Every day I spend time sauntering about taking photos, writing and posting photos blogs, editing for a couple of authors, and playing viola.
Clifford works with ham radio, learning to pass “traffic” via radio, and playing his dulcimer, which also includes using software to create his own accompaniments.
Each day also has variety, including calls from my kids, learning of national and global events, reorganization projects, and so on.
This has been a good
and peaceful place for us these past two weeks. Tomorrow will be
moving day, but we will remember this spot with fondness.
Tuesday December 17 to Thursday December 19: Nights are chilly, in the low 20’s, and midday temperatures in the 40’s here at Elephant Butte New Mexico State Park where Clifford and I are camped.
I dress warmly when I walk to the lake in the mornings, but by early afternoon we are able to be outside, sheltered from the wind on the sunny side of Cougar. I enjoy writing in the journal while Clifford plays the dulcimer for the brief time that it is warm enough to sit out.
On days that are not too windy, I also walk to the lake at sunset, as the late afternoon sunlight brings out the color of the mesas and the lake most beautifully.
The usual activities of radio and dulcimer continue for Clifford; photography, blogs, editing, and playing viola or cello for me. Plus all the other things I don’t have time for that are sitting on a “back-burner.” Honestly, I do not understand how people can complain of being bored – there are so many fun and interesting things to learn and do.
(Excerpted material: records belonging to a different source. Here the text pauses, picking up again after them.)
lemma abs_Yim_diff_le:
  assumes "0 < c" "c \<le> cmod (Mchar \<theta> u)" "c \<le> cmod (Mchar \<theta>' u)"
    and "cmod (Mchar \<theta> u - Mchar \<theta>' u) \<le> K"
  shows "\<bar>Yim \<theta> u x - Yim \<theta>' u x\<bar> \<le> K / c^2"
proof -
  define e where "e = exp (\<i> * complex_of_real (u * x))"
  have M0: "Mchar \<theta> u \<noteq> 0" "Mchar \<theta>' u \<noteq> 0" using assms by auto
  have K0: "0 \<le> K" using assms(4) norm_ge_zero order_trans by blast
  have "\<bar>Yim \<theta> u x - Yim \<theta>' u x\<bar> = \<bar>Im (e / Mchar \<theta> u - e / Mchar \<theta>' u)\<bar>" by (simp add: Yim_def e_def)
  also have "\<dots> \<le> cmod (e / Mchar \<theta> u - e / Mchar \<theta>' u)" by (rule abs_Im_le_cmod)
  also have "e / Mchar \<theta> u - e / Mchar \<theta>' u = e * (Mchar \<theta>' u - Mchar \<theta> u) / (Mchar \<theta> u * Mchar \<theta>' u)"
    using M0 by (simp add: field_simps)
  also have "cmod \<dots> = cmod (Mchar \<theta> u - Mchar \<theta>' u) / (cmod (Mchar \<theta> u) * cmod (Mchar \<theta>' u))"
    by (simp add: norm_mult norm_divide e_def norm_minus_commute)
  also have "\<dots> \<le> K / (c * c)"
    using assms K0 by (intro frac_le mult_mono mult_pos_pos) auto
  finally show ?thesis by (simp add: power2_eq_square)
qed

lemma continuous_on_Mchar: "continuous_on UNIV (Mchar \<theta>)"
  by (cases \<theta>) (auto simp: Mchar_def intro!: continuous_intros)

lemma isCont_Mchar: "isCont (Mchar \<theta>) u"
  using continuous_on_Mchar continuous_on_eq_continuous_at by blast

lemma Mchar_measurable[measurable]: "Mchar \<theta> \<in> borel_measurable borel"
  using continuous_on_Mchar by (rule borel_measurable_continuous_onI)

lemma Yim_measurable[measurable]:
  assumes [measurable]: "a \<in> borel_measurable N" "b \<in> borel_measurable N"
  shows "(\<lambda>x. Yim \<theta> (a x) (b x)) \<in> borel_measurable N"
  unfolding Yim_def by measurable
Friday December 13 to Monday December 16: Clifford and I are camped at South Monticello Campground located at the north end of Elephant Butte New Mexico State Park.
Our days are busy with activities that interest us. Clifford mostly works on his ham radio and music for dulcimer. I saunter about taking photos, often at sunrise or sunset.
I also edit for a couple of authors, edit photos for the travel blogs that I post nearly daily, and play viola.
Most fun during this time is a visit from our Santa Fe friend, Diana. While she is here, we three talk of her participation in preserving Clifford’s research, and we go on an exploratory drive to the dispersed camping area to the north of our campground.
Diana and I also go for walks to the lake and discuss other topics, including the importance of being in a positive vibration in our thoughts.
One evening we watch the three videos that Clifford has made: A Grand Ceremony, a video of the backpacking trip that he and I did to the bottom of the Grand Canyon in 2012. The videos River Woman and Voice of the Cello are an artistic mix of my daughter’s Ang’s writing, my still photos, and Clifford’s videography. We are up late every night with so much to talk about.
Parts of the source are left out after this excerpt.